Raymond Tanter, a professor of political science at Georgetown University, is an adjunct scholar of The Washington Institute, researching U.S. policy options toward Iran.
From 1981 to 1982, Dr. Tanter served on the National Security Council staff and was personal representative of the secretary of defense to the 1983-1984 arms control talks held in Madrid, Helsinki, Stockholm, and Vienna. Currently, he is a member of the Council on Foreign Relations.

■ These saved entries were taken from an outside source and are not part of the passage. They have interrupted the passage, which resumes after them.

lemma J_const_lower_rate_le:
  assumes pc: "p < c" and q: "0 < q" and x: "0 < x"
  shows "J_const M p q E U p x \<le> J_const M p q E U c x + (2 * p / (q\<^sup>2 * x) + 8 * p * \<beta> * K / q ^ 3) * (c - p)"
proof -
  let ?G = "early_ruin_majorant q (c - p) x E U"
  have [measurable]: "?G \<in> borel_measurable M" unfolding early_ruin_majorant_def by measurable
  have "(\<integral>\<^sup>+\<omega>. discounted_dividends p q E U x p \<omega> \<partial>M)
      \<le> (\<integral>\<^sup>+\<omega>. discounted_dividends p q E U x c \<omega> \<partial>M) + (\<integral>\<^sup>+\<omega>. ennreal (p / q) * ?G \<omega> \<partial>M)"
    using AE_E_nonneg
    by (intro nn_integral_le_add, measurable, eventually_elim)
       (intro discounted_dividends_lower_rate_le, use p_pos pc q in auto)
  also have "(\<integral>\<^sup>+\<omega>. ennreal (p / q) * ?G \<omega> \<partial>M) = ennreal (p / q) * (\<integral>\<^sup>+\<omega>. ?G \<omega> \<partial>M)"
    by (rule nn_integral_cmult) measurable
  also have "\<dots> \<le> ennreal (p / q) * ennreal (2 * (c - p) / (q * x) + 8 * \<beta> * K * (c - p) / q\<^sup>2)"
    using pc q x by (intro mult_left_mono early_ruin_majorant_expectation_le) auto
  also have "\<dots> = ennreal ((p / q) * (2 * (c - p) / (q * x) + 8 * \<beta> * K * (c - p) / q\<^sup>2))"
    by (rule ennreal_mult'[symmetric]) (use p_pos q in simp)
  finally have "J_const M p q E U p x \<le> J_const M p q E U c x +
      (p / q) * (2 * (c - p) / (q * x) + 8 * \<beta> * K * (c - p) / q\<^sup>2)"
    unfolding J_const_eq by (rule enn2real_le_add)
       (use p_pos pc q x K_nonneg beta_pos in \<open>auto intro: nn_integral_discounted_dividends_finite\<close>)
  also have "(p / q) * (2 * (c - p) / (q * x) + 8 * \<beta> * K * (c - p) / q\<^sup>2) =
      (2 * p / (q\<^sup>2 * x) + 8 * p * \<beta> * K / q ^ 3) * (c - p)"
    using q x by (simp add: field_simps power2_eq_square power3_eq_cube)
  finally show ?thesis .
qed

end

theorem lemma9p6:
  fixes M :: "'a measure" and E U :: "nat \<Rightarrow> 'a \<Rightarrow> real" and F :: "real \<Rightarrow> real"
    and p \<beta> q cbar K :: real
  assumes model: "cl_model M p \<beta> F E U"
    and A1: "\<And>x y. x < y \<Longrightarrow> 0 \<le> F y - F x \<and> F y - F x \<le> K * (y - x)"
    and cbar: "p < cbar" and q: "0 < q"
  shows "\<exists>Kbar > 0. \<forall>c \<alpha> x. p < c \<and> c \<le> cbar \<and> 0 < \<alpha> \<and> \<alpha> < 1 \<and> 0 < x \<longrightarrow>
           - (c - p) / q \<le> J_const M p q E U p x - J_const M p q E U c x \<and>
           J_const M p q E U p x - J_const M p q E U c x \<le>
             Kbar * (1 + 1 / x
                     + exp (- 1 / (1 - \<alpha>)) / (x * q * (1 - \<alpha>)) powr (1 / (1 - \<alpha>))
                     + x / (c - p) powr (1 - \<alpha>)) * (c - p)"
proof -
  interpret cramer_lundberg M p \<beta> F E U K using model A1 by unfold_locales
  \<comment> \<open>The constant does not depend on \<open>cbar\<close>, which the proof never uses.\<close>
  define Kbar where "Kbar = 2 * p / q\<^sup>2 + 8 * p * \<beta> * K / q ^ 3 + 1"
  have coeffs: "2 * p / q\<^sup>2 \<le> Kbar" "8 * p * \<beta> * K / q ^ 3 \<le> Kbar" "0 < Kbar"
    using p_pos q beta_pos K_nonneg by (simp_all add: Kbar_def add_pos_nonneg)
  show ?thesis
  proof (intro exI[of _ Kbar] conjI allI impI)
    fix c \<alpha> x :: real
    assume H: "p < c \<and> c \<le> cbar \<and> 0 < \<alpha> \<and> \<alpha> < 1 \<and> 0 < x"
    then show "- (c - p) / q \<le> J_const M p q E U p x - J_const M p q E U c x"
      using J_const_higher_rate_le[OF _ q, of c x] by (auto simp: diff_divide_distrib)
    define e where "e = exp (- 1 / (1 - \<alpha>)) / (x * q * (1 - \<alpha>)) powr (1 / (1 - \<alpha>))"
    define f where "f = x / (c - p) powr (1 - \<alpha>)"
    have "0 \<le> e" "0 \<le> f" using H by (simp_all add: e_def f_def)
    have "2 * p / (q\<^sup>2 * x) \<le> Kbar * (1 / x)"
      using mult_right_mono[OF coeffs(1), of "1 / x"] H by simp
    then have "2 * p / (q\<^sup>2 * x) + 8 * p * \<beta> * K / q ^ 3 \<le> Kbar * (1 / x) + Kbar * 1 + Kbar * e + Kbar * f"
      using coeffs \<open>0 \<le> e\<close> \<open>0 \<le> f\<close> mult_nonneg_nonneg[of Kbar e] mult_nonneg_nonneg[of Kbar f] by linarith
    also have "\<dots> = Kbar * (1 + 1 / x + e + f)" by (simp add: algebra_simps)
    finally have "(2 * p / (q\<^sup>2 * x) + 8 * p * \<beta> * K / q ^ 3) * (c - p) \<le> Kbar * (1 + 1 / x + e + f) * (c - p)"
      using H by (intro mult_right_mono) auto
    with J_const_lower_rate_le[OF _ q, of c x] H
    have "J_const M p q E U p x - J_const M p q E U c x \<le> Kbar * (1 + 1 / x + e + f) * (c - p)"
      by (smt (verit))
    then show "J_const M p q E U p x - J_const M p q E U c x \<le> Kbar * (1 + 1 / x
        + exp (- 1 / (1 - \<alpha>)) / (x * q * (1 - \<alpha>)) powr (1 / (1 - \<alpha>)) + x / (c - p) powr (1 - \<alpha>)) * (c - p)"
      by (simp only: e_def f_def)
  qed (use coeffs in simp)
qed

end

Dr. Tanter received his doctorate from Indiana University and has taught at Northwestern, Stanford, University of Michigan, and the Hebrew University of Jerusalem. The recipient of a Fulbright scholarship to the University of Amsterdam, he has served as a fellow at both the Hoover Institution and the Woodrow Wilson International Center. As scholar-in-residence at the American embassy in Tokyo, Dr. Tanter lectured on petroleum interruption scenarios, with special reference to the Middle East. At Georgetown, he teaches courses on the Arab-Israeli conflict, international security affairs, and ballistic missile defense. He was scholar-in-residence at the Middle East Institute during fall 2001.
Dr. Tanter's recent publications include Classifying Evil: Bush Administration Rhetoric and Policy toward Rogue Regimes (The Washington Institute, 2003), Rogue Regimes: Terrorism and Proliferation (St. Martin's, 1999), and Balancing in the Balkans, coauthored with John Psarouthakis (New York: St. Martin's Press, 1999).